Birdstriking ~ Holey Brain | Album Review

The story goes that He Fan and Wang Xinjiu were out watching their favourite band Carsick Cars play a venue in Beijing when they met.

They soon decided, by soon we mean that night, that they could probably match their heroes in terms of musical talent. They banded together to form their own band in 2009, which would later become Birdstriking.

Two years later and they were signed to the same label as Carsick Cars. Their first record at Maybe Mars was controversial in its own rite, due to the fact that the album was banned in China.

Certain lyrics in the song Monkey Snake raised the ire of government censors. The band toured around The UK with Brian Jonestown Massacre, collecting new fans, while their old fans were forced to find the songs on the other side of The Great Chinese Firewall.

Interestingly, all of those songs on that self~titled first effort are in English, while on their follow~up, Holey Brain, they seem to have lumped just a pair of English songs into the mix.

That makes for highly interesting listening. Without understanding what they say, the music sets the tone for them.

They have been pinned down as propigators of Noise Rock and Psyche Rock, and there are certainly shades of either movement in their music, but the end product ultimately sounds altogether classic and middle of the road.

They have made an album that is catchy and easy on the ear. Their use of three guitars allows for much experimentation, and many lines of rhythm and melody above the vocals.

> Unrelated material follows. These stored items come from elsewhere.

text \<open>
  Expanding \<open>I\<^sup>t[u + \<epsilon>\<eta>]\<close> as a quadratic polynomial in \<open>\<epsilon>\<close> and using that the convolution
  is symmetric, the first variation is \<open>m[\<eta>',u'] + k[\<eta>,u] - [\<eta>,f] - m v\<^sub>1 \<eta>(t\<^sub>2)\<close>.
  Integrating \<open>[\<eta>',u']\<close> by parts turns it into
  \<open>m (u'(t\<^sub>1) - v\<^sub>1) \<eta>(t\<^sub>2) + [\<eta>, m u'' + k u - f]\<close>, using \<open>\<eta>(t\<^sub>1) = 0\<close>.
  Test functions that also vanish at \<open>t\<^sub>2\<close> give the differential equation by the fundamental
  lemma of the calculus of variations, and the test function \<open>s - t\<^sub>1\<close> then isolates the
  boundary term, which yields \<open>u'(t\<^sub>1) = v\<^sub>1\<close>.
\<close>

lemma dI_eqI:
  assumes "a < b" "x \<in> {a..b}" "(f has_vector_derivative f') (at x within {a..b})"
  shows "dI a b f x = f'"
  unfolding dI_def using vector_derivative_within_closed_interval[OF assms] .

lemma C2_continuous:
  assumes "C2 a b u"
  shows "continuous_on {a..b} u" "continuous_on {a..b} (dI a b u)"
    "continuous_on {a..b} (dI a b (dI a b u))"
  using assms unfolding C2_def by (auto intro: continuous_on_vector_derivative)

lemma C2I:
  fixes g g' g'' :: "real \<Rightarrow> real"
  assumes "a < b"
    and g: "\<And>x. x \<in> {a..b} \<Longrightarrow> (g has_vector_derivative g' x) (at x within {a..b})"
    and g': "\<And>x. x \<in> {a..b} \<Longrightarrow> (g' has_vector_derivative g'' x) (at x within {a..b})"
    and "continuous_on {a..b} g''"
  shows "C2 a b g"
proof -
  have dI_g: "dI a b g x = g' x" if "x \<in> {a..b}" for x
    using dI_eqI[OF \<open>a < b\<close> that g[OF that]] .
  have dI_g': "(dI a b g has_vector_derivative g'' x) (at x within {a..b})" if "x \<in> {a..b}" for x
    by (rule has_vector_derivative_transform[OF that _ g'[OF that]]) (simp add: dI_g)
  have "continuous_on {a..b} (dI a b (dI a b g))"
    using \<open>continuous_on {a..b} g''\<close>
    by (rule continuous_on_eq) (simp add: dI_eqI[OF \<open>a < b\<close> _ dI_g'])
  then show ?thesis
    unfolding C2_def using g dI_g dI_g' dI_eqI[OF \<open>a < b\<close> _ dI_g'] by auto
qed

lemma dI_add_scaled:
  assumes "a < b" "C2 a b u" "C2 a b \<eta>" "x \<in> {a..b}"
  shows "dI a b (\<lambda>s. u s + \<epsilon> * \<eta> s) x = dI a b u x + \<epsilon> * dI a b \<eta> x"
  using assms unfolding C2_def by (intro dI_eqI derivative_intros) auto

lemma continuous_on_reflect:
  fixes h :: "real \<Rightarrow> real"
  assumes "continuous_on {a..b} h"
  shows "continuous_on {a..b} (\<lambda>s. h (a + b - s))"
  by (rule continuous_on_compose2[OF assms]) (auto intro: continuous_intros)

The rhythm guitar can sound an awful lot like weather at times, like the foundation of a particular atmosphere. They sometimes remind one of Bloc Party around the time of Weekend in the City.

Those sorts of soaring, uplifting melodies infuse the listener with an unshakable joy. Thats why they sound like they might be more crossover hit than sullen geniuses.

The best comparison I can make for the Beijing based band is with fellow big city rockers, Parquet Courts. The Courts are a band who deviate wildly from the curremt effect heavy music landscape. Their slacker rock is effected by guitars and drums and bass, the good old-fashioned way.

It seems like Birdstriking also prefer the use of pedals to the use of synthesizers, and all the better.

The end product of three years work is an album that has 1. gotten past the censors, 2. filled this reviewers day with joy and 3. marks itself as a statement by Chinese musicians.